PROBLEM: Look through the records, and whenever a line includes the word "definition", copy it.
[[ SOURCE MATERIAL open ]]
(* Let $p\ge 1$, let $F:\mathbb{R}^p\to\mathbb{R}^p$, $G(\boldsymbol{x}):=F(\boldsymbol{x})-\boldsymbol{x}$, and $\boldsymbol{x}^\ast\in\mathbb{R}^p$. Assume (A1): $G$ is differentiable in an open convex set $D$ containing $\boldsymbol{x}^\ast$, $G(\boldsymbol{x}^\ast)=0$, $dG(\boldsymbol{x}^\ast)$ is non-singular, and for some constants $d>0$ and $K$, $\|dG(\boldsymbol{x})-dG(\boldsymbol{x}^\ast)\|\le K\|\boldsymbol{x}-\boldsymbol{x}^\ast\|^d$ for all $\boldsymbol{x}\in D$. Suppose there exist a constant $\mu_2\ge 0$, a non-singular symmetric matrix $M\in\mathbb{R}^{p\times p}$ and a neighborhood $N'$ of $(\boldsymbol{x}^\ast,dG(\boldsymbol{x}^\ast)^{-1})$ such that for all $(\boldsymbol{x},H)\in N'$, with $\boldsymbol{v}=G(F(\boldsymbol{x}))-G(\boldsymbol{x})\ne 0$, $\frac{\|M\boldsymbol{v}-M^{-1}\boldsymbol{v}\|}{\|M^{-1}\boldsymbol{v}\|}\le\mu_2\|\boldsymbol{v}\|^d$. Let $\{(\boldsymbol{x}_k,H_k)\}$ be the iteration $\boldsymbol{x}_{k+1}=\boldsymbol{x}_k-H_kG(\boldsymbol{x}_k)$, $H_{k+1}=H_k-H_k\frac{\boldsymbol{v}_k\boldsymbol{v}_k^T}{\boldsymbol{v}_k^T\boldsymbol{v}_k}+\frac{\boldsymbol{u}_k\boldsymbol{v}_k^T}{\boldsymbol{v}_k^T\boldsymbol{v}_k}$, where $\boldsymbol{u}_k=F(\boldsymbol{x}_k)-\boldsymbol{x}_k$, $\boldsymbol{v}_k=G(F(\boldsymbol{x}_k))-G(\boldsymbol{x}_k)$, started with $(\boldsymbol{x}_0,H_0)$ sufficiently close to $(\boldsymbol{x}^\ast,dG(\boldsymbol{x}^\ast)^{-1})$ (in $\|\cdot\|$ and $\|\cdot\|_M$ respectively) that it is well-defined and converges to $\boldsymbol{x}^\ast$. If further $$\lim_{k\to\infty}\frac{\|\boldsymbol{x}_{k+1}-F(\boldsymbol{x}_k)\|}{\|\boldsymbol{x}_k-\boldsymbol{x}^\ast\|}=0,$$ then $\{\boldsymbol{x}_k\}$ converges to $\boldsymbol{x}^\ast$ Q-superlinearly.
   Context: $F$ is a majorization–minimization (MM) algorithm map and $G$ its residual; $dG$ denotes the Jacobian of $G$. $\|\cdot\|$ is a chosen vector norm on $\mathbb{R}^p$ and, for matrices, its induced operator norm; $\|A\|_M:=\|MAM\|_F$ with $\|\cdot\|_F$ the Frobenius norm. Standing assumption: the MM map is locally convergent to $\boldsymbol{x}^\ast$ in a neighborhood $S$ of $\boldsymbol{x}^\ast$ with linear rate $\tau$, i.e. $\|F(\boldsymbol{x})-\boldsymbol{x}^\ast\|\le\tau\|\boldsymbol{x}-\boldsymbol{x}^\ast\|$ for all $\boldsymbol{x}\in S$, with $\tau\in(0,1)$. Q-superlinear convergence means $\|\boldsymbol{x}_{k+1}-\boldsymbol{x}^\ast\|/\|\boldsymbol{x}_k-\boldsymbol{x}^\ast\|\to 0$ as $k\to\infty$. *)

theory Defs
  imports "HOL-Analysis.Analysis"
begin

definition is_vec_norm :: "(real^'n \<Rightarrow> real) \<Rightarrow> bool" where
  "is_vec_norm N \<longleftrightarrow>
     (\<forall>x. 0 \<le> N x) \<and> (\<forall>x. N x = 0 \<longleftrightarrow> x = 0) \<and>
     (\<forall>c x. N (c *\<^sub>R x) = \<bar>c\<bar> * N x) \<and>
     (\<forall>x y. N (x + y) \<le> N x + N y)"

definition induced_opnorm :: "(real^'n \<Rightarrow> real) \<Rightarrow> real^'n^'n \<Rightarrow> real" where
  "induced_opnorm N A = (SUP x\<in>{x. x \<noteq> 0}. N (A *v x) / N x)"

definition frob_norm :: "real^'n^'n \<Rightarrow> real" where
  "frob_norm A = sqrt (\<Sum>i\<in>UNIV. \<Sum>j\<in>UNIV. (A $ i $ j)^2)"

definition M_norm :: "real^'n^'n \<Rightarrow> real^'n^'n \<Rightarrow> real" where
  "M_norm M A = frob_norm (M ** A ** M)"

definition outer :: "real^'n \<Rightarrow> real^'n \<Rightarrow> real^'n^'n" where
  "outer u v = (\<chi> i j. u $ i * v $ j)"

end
[[ SOURCE MATERIAL closed ]]
EXERCISE RESPONSE:
definition is_vec_norm :: "(real^'n \<Rightarrow> real) \<Rightarrow> bool" where
definition induced_opnorm :: "(real^'n \<Rightarrow> real) \<Rightarrow> real^'n^'n \<Rightarrow> real" where
definition frob_norm :: "real^'n^'n \<Rightarrow> real" where
definition M_norm :: "real^'n^'n \<Rightarrow> real^'n^'n \<Rightarrow> real" where
definition outer :: "real^'n \<Rightarrow> real^'n \<Rightarrow> real^'n^'n" where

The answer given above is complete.